* Supplied material *
..............................

lemma eventually_partial_sums_gt:
  fixes f :: "nat \<Rightarrow> real"
  assumes nonneg: "\<And>i. f i \<ge> 0" and diverges: "(\<Sum>i. ennreal (f (Suc i))) = \<infinity>"
  shows "\<forall>\<^sub>F Q in sequentially. L < (\<Sum>s\<in>{1..Q}. f s)"
proof -
  have "\<exists>N. L < (\<Sum>s\<in>{1..N}. f s)"
  proof (rule ccontr)
    assume "\<nexists>N. L < (\<Sum>s\<in>{1..N}. f s)"
    then have "(\<Sum>i<n. f (Suc i)) \<le> L" for n
      using sum.atLeast1_atMost_eq[of f n] by (metis One_nat_def not_less)
    then have "summable (\<lambda>i. f (Suc i))"
      by (rule summableI_nonneg_bounded[OF nonneg])
    then have "(\<Sum>i. ennreal (f (Suc i))) = ennreal (\<Sum>i. f (Suc i))"
      using suminf_ennreal2[of "\<lambda>i. f (Suc i)"] nonneg by blast
    with diverges show False by simp
  qed
  then obtain N where N: "L < (\<Sum>s\<in>{1..N}. f s)" ..
  have "(\<Sum>s\<in>{1..N}. f s) \<le> (\<Sum>s\<in>{1..Q}. f s)" if "Q \<ge> N" for Q
    using that nonneg by (intro sum_mono2) auto
  with N show ?thesis
    unfolding eventually_at_top_linorder by (meson order_less_le_trans)
qed

lemma (in prob_space) measure_tail_Diff_ge:
  fixes C :: real
  assumes E: "\<And>i. E i \<in> events"
    and diverges: "(\<Sum>i. ennreal (prob (E (Suc i)))) = \<infinity>"
    and "C > 0"
    and quasi_independent: "\<exists>\<^sub>\<infinity>Q. (\<Sum>s\<in>{1..Q}. \<Sum>t\<in>{1..Q}. prob (E s \<inter> E t))
                                    \<le> C * (\<Sum>s\<in>{1..Q}. prob (E s))\<^sup>2"
    and B: "B \<in> events" and "\<kappa> > 0"
    and large_outside: "\<And>i. i \<ge> i0 \<Longrightarrow> \<kappa> * prob (E i) \<le> prob (E i - B)"
  shows "\<kappa>\<^sup>2 / (4 * C) \<le> prob ((\<Union>j\<in>{q..}. E j) - B)"
proof -
  define m where "m = max (max i0 q) 1"
  define K where "K = (\<Sum>s\<in>{1..<m}. prob (E s))"
  have "\<forall>\<^sub>F Q in sequentially. 2 * K < (\<Sum>s\<in>{1..Q}. prob (E s))"
    by (rule eventually_partial_sums_gt[OF _ diverges]) simp
  then have "\<exists>\<^sub>F Q in sequentially.
      (\<Sum>s\<in>{1..Q}. \<Sum>t\<in>{1..Q}. prob (E s \<inter> E t)) \<le> C * (\<Sum>s\<in>{1..Q}. prob (E s))\<^sup>2
      \<and> m \<le> Q \<and> 2 * K < (\<Sum>s\<in>{1..Q}. prob (E s))"
    using quasi_independent eventually_ge_at_top[of m]
    by (intro frequently_eventually_frequently eventually_conj) (simp_all add: cofinite_eq_sequentially)
  then obtain Q where
    QC: "(\<Sum>s\<in>{1..Q}. \<Sum>t\<in>{1..Q}. prob (E s \<inter> E t)) \<le> C * (\<Sum>s\<in>{1..Q}. prob (E s))\<^sup>2"
    and "m \<le> Q" and T_large: "2 * K < (\<Sum>s\<in>{1..Q}. prob (E s))"
    by (auto dest: frequently_ex)
  define T where "T = (\<Sum>s\<in>{1..Q}. prob (E s))"
  define R where "R = (\<Sum>s\<in>{m..Q}. prob (E s))"
  have "{1..Q} = {1..<m} \<union> {m..Q}"
    using \<open>m \<le> Q\<close> by (auto simp: m_def)
  then have "T = K + R"
    unfolding T_def K_def R_def by (simp add: sum.union_disjoint[symmetric] ivl_disj_int)
  moreover have "K \<ge> 0"
    unfolding K_def by (simp add: sum_nonneg)
  ultimately have "T / 2 \<le> R" and "T > 0"
    using T_large unfolding T_def by linarith+
  have "\<kappa>\<^sup>2 * T\<^sup>2 / 4 = (\<kappa> * (T / 2))\<^sup>2"
    by (simp add: power_mult_distrib power_divide)
  also have "\<dots> \<le> (\<kappa> * R)\<^sup>2"
    using \<open>T / 2 \<le> R\<close> \<open>T > 0\<close> \<open>\<kappa> > 0\<close> by (intro power_mono) auto
  also have "\<dots> \<le> (\<Sum>s\<in>{m..Q}. \<Sum>t\<in>{m..Q}. prob (E s \<inter> E t)) * prob ((\<Union>i\<in>{m..Q}. E i) - B)"
    unfolding R_def using E B \<open>\<kappa> > 0\<close> large_outside
    by (intro Chung_Erdos_inequality_Diff) (auto simp: m_def)
  also have "\<dots> \<le> C * T\<^sup>2 * prob ((\<Union>j\<in>{q..}. E j) - B)"
  proof (intro mult_mono)
    have "(\<Sum>s\<in>{m..Q}. \<Sum>t\<in>{m..Q}. prob (E s \<inter> E t)) \<le> (\<Sum>s\<in>{1..Q}. \<Sum>t\<in>{1..Q}. prob (E s \<inter> E t))"
      by (intro order_trans[OF sum_mono sum_mono2] sum_mono2 sum_nonneg) (auto simp: m_def)
    with QC show "(\<Sum>s\<in>{m..Q}. \<Sum>t\<in>{m..Q}. prob (E s \<inter> E t)) \<le> C * T\<^sup>2"
      unfolding T_def by linarith
    show "prob ((\<Union>i\<in>{m..Q}. E i) - B) \<le> prob ((\<Union>j\<in>{q..}. E j) - B)"
      using E B by (intro finite_measure_mono) (auto simp: m_def)
  qed (use \<open>C > 0\<close> in auto)
  finally show ?thesis
    using \<open>C > 0\<close> \<open>T > 0\<close> by (simp add: field_simps)
qed

lemma (in prob_space) prob_UN_atLeast_eq_1:
  fixes C :: real
  assumes E: "\<And>i. E i \<in> events"
    and "(\<Sum>i. ennreal (prob (E (Suc i)))) = \<infinity>"
    and "C > 0"
    and "\<exists>\<^sub>\<infinity>Q. (\<Sum>s\<in>{1..Q}. \<Sum>t\<in>{1..Q}. prob (E s \<inter> E t))
                 \<le> C * (\<Sum>s\<in>{1..Q}. prob (E s))\<^sup>2"
    and M1: "cond_M1 M E" and "q \<ge> 1"
  shows "prob (\<Union>j\<in>{q..}. E j) = 1"
proof -
  define U where "U = (\<Union>j\<in>{q..}. E j)"
  have U: "U \<in> events"
    unfolding U_def using E by auto
  show ?thesis
  proof (rule ccontr)
    assume "prob (\<Union>j\<in>{q..}. E j) \<noteq> 1"
    with prob_le_1[of U] have "prob U < 1"
      unfolding U_def by linarith
    define \<kappa> where "\<kappa> = (1 - prob U) / 2"
    have "\<kappa> > 0"
      using \<open>prob U < 1\<close> unfolding \<kappa>_def by simp
    then have "prob U - \<kappa>\<^sup>2 / (4 * C) < prob U"
      using \<open>C > 0\<close> by simp
    then have "\<forall>\<^sub>F n in sequentially. q < n \<and> prob U - \<kappa>\<^sup>2 / (4 * C) < prob (\<Union>j\<in>{q..n}. E j)"
      unfolding U_def using E by (intro eventually_conj eventually_gt_at_top eventually_measure_UN_atLeastAtMost_gt)
    then obtain q2 where "q < q2" and B_large: "prob U - \<kappa>\<^sup>2 / (4 * C) < prob (\<Union>j\<in>{q..q2}. E j)"
      using eventually_happens'[OF sequentially_bot] by blast
    define B where "B = (\<Union>j\<in>{q..q2}. E j)"
    have B: "B \<in> events" and "B \<subseteq> U"
      unfolding B_def U_def using E by auto
    from M1 \<open>\<kappa> > 0\<close> \<open>q \<ge> 1\<close> \<open>q < q2\<close> obtain i0
      where i0: "\<And>i. i \<ge> i0 \<Longrightarrow> prob (B \<inter> E i) \<le> (1 + \<kappa>) * prob B * prob (E i)"
      unfolding cond_M1_def B_def by blast
    have "\<kappa> \<le> 1 - (1 + \<kappa>) * prob B"
    proof -
      have "(1 + \<kappa>) * prob B \<le> (1 + \<kappa>) * prob U"
        using \<open>\<kappa> > 0\<close> \<open>B \<subseteq> U\<close> U by (intro mult_left_mono finite_measure_mono) auto
      also have "\<dots> \<le> 1 - \<kappa>"
        using zero_le_power2[of "1 - prob U"] unfolding \<kappa>_def by (simp add: field_simps power2_eq_square)
      finally show ?thesis by simp
    qed
    have "\<kappa> * prob (E i) \<le> prob (E i - B)" if "i \<ge> i0" for i
    proof -
      have "\<kappa> * prob (E i) \<le> (1 - (1 + \<kappa>) * prob B) * prob (E i)"
        using \<open>\<kappa> \<le> 1 - (1 + \<kappa>) * prob B\<close> by (intro mult_right_mono) auto
      also have "\<dots> \<le> prob (E i - B)"
        using E B i0[OF that] by (intro measure_Diff_ge_of_measure_Int_le) auto
      finally show ?thesis .
    qed
    then have "\<kappa>\<^sup>2 / (4 * C) \<le> prob (U - B)"
      unfolding U_def using assms B \<open>\<kappa> > 0\<close> by (intro measure_tail_Diff_ge) auto
    also have "\<dots> = prob U - prob B"
      using U B \<open>B \<subseteq> U\<close> by (rule finite_measure_Diff)
    finally show False
      using B_large unfolding B_def by linarith
  qed
qed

..............................

* Work item *
Start with the line above that contains "define U where" and end with the line that contains "unfolding cond_M1_def B_def by blast". Write out those lines exactly, and only those.

* Problem solution *
  define U where "U = (\<Union>j\<in>{q..}. E j)"
  have U: "U \<in> events"
    unfolding U_def using E by auto
  show ?thesis
  proof (rule ccontr)
    assume "prob (\<Union>j\<in>{q..}. E j) \<noteq> 1"
    with prob_le_1[of U] have "prob U < 1"
      unfolding U_def by linarith
    define \<kappa> where "\<kappa> = (1 - prob U) / 2"
    have "\<kappa> > 0"
      using \<open>prob U < 1\<close> unfolding \<kappa>_def by simp
    then have "prob U - \<kappa>\<^sup>2 / (4 * C) < prob U"
      using \<open>C > 0\<close> by simp
    then have "\<forall>\<^sub>F n in sequentially. q < n \<and> prob U - \<kappa>\<^sup>2 / (4 * C) < prob (\<Union>j\<in>{q..n}. E j)"
      unfolding U_def using E by (intro eventually_conj eventually_gt_at_top eventually_measure_UN_atLeastAtMost_gt)
    then obtain q2 where "q < q2" and B_large: "prob U - \<kappa>\<^sup>2 / (4 * C) < prob (\<Union>j\<in>{q..q2}. E j)"
      using eventually_happens'[OF sequentially_bot] by blast
    define B where "B = (\<Union>j\<in>{q..q2}. E j)"
    have B: "B \<in> events" and "B \<subseteq> U"
      unfolding B_def U_def using E by auto
    from M1 \<open>\<kappa> > 0\<close> \<open>q \<ge> 1\<close> \<open>q < q2\<close> obtain i0
      where i0: "\<And>i. i \<ge> i0 \<Longrightarrow> prob (B \<inter> E i) \<le> (1 + \<kappa>) * prob B * prob (E i)"
      unfolding cond_M1_def B_def by blast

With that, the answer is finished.